Breaking the silence in the primary care office: Discussing abortion at the time of contraceptive counseling
Abortion
Awarded 2017
Complex Family Planning Fellowship Research
Shokoufeh Dianat, DO
University of California, San Francisco
$72,459

Background: Abortions are common health experiences in the United States, yet they are siloed from mainstream healthcare on many levels. This siloing both reflects and reproduces the stigma surrounding abortion. The practice of clinicians mentioning abortion during reproductive or preventive health visits has the potential to reduce abortion stigma and facilitate patient care. However, there is little guidance on how to integrate abortion into contraceptive counseling. 

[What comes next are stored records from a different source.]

theorem proposition4p5:
  fixes M :: "'x::polish_space measure"
    and actX :: "'g::{group_add,countable} \<Rightarrow> 'x \<Rightarrow> 'x"
    and actE :: "'g \<Rightarrow> 'e::countable \<Rightarrow> 'e"
    and actS :: "'g \<Rightarrow> 's::countable \<Rightarrow> 's"
    and W :: "'s \<Rightarrow> ('x \<times> 'e) set"
  assumes "standard_gamma_space M actX"
    and "ess_free M actX"
    and "group_action actE" and "free_action actE"
    and "equivariant_partition M actX actE actS W"
    and "finite_type W"
  shows "(\<forall>n c. zchain n c \<longrightarrow> Linf_fs M n (Phi W n c))
    \<and> (\<forall>n c d. zchain n c \<longrightarrow> zchain n d \<longrightarrow>
          aeq M n (Phi W n (\<lambda>es. c es + d es)) (\<lambda>x ss. Phi W n c x ss + Phi W n d x ss))
    \<and> (\<forall>n c g. zchain n c \<longrightarrow> aeq M n (Phi W n (actC actE g c)) (actL actX actS g (Phi W n c)))
    \<and> (\<forall>n c. zchain (Suc n) c \<longrightarrow> aeq M n (bdL (Phi W (Suc n) c)) (Phi W n (bdE c)))
    \<and> (\<forall>c. zchain 0 c \<longrightarrow> (AE x in M. augS (Phi W 0 c) x = augE c))"
proof -
  have "sigma_finite_measure M" and gX: "group_action actX"
    using assms(1) by (auto simp: standard_gamma_space_def prob_space_imp_sigma_finite)
  from assms(5) have gS: "group_action actS"
    and Wm: "\<forall>s. W s \<in> sets (M \<Otimes>\<^sub>M count_space UNIV)"
    and disj: "disjoint_family W"
    and null: "space (M \<Otimes>\<^sub>M count_space UNIV) - (\<Union>s. W s) \<in> null_sets (M \<Otimes>\<^sub>M count_space UNIV)"
    and eqv: "\<forall>g s. (\<lambda>(x, e). (actX g x, actE g e)) ` W s = W (actS g s)"
    unfolding equivariant_partition_def by blast+
  have cov: "AE x in M. \<forall>e. \<exists>s. (x, e) \<in> W s"
    using \<open>sigma_finite_measure M\<close> null by (rule AE_in_some_cell)
  have "AE p in M \<Otimes>\<^sub>M count_space (tuples n :: 's list set). \<forall>e. \<exists>s. (fst p, e) \<in> W s" for n
    by (rule AE_pair_fst[OF sigma_finite_measure_count_space_countable cov]) simp
  then have "aeq M n (bdL (Phi W (Suc n) c)) (Phi W n (bdE c))" if "zchain (Suc n) c" for n c
    unfolding aeq_def by (rule eventually_mono) (rule bdL_Phi[OF disj that])
  moreover have "AE x in M. augS (Phi W 0 c) x = augE c" if "zchain 0 c" for c
    using cov by (rule eventually_mono) (rule augS_Phi[OF disj that])
  moreover have "aeq M n (Phi W n (\<lambda>es. c es + d es)) (\<lambda>x ss. Phi W n c x ss + Phi W n d x ss)"
    if "zchain n c" "zchain n d" for n c d
    by (simp add: aeq_def Phi_add[OF that])
  ultimately show ?thesis
    using Linf_fs_Phi[OF Wm assms(6)] by (simp add: aeq_def Phi_actC[OF gX assms(3) gS eqv])
qed

end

Objective: We sought to understand patient attitudes regarding discussing abortion during contraceptive counseling.
Study design: In 2018, we completed in-depth semi-structured interviews with reproductive-aged women recruited in primary care clinics of two politically disparate regions within California. We elicited acceptability, preferences, and implications of clinicians mentioning abortion during contraceptive counseling. Using directed content analysis, we coded transcripts for inductive and deductive themes. 
Results: We achieved theoretical sufficiency after 49 interviews. Interviewees were diverse in reproductive history, race/ethnicity, religiosity, and abortion attitudes. Mentioning abortion during contraceptive counseling was generally viewed as acceptable, and even helpful, to patients with diverse attitudes about abortion, when delivered in a non-directive manner focused on information provision.  For some patients, mentioning abortion may reduce abortion stigma and help contraceptive decision-making. Careful attention to a non-judgmental communication style is critical to safeguard against potential contraceptive coercion.
Conclusions: Discussing abortion during contraceptive counseling was acceptable among this diverse population, and our findings suggest ways to best structure such counseling. Coupled with research on clinician perspectives, our findings can inform development of patient-centered contraceptive counseling approaches that integrate abortion in an attempt to facilitate patient care and reduce stigma.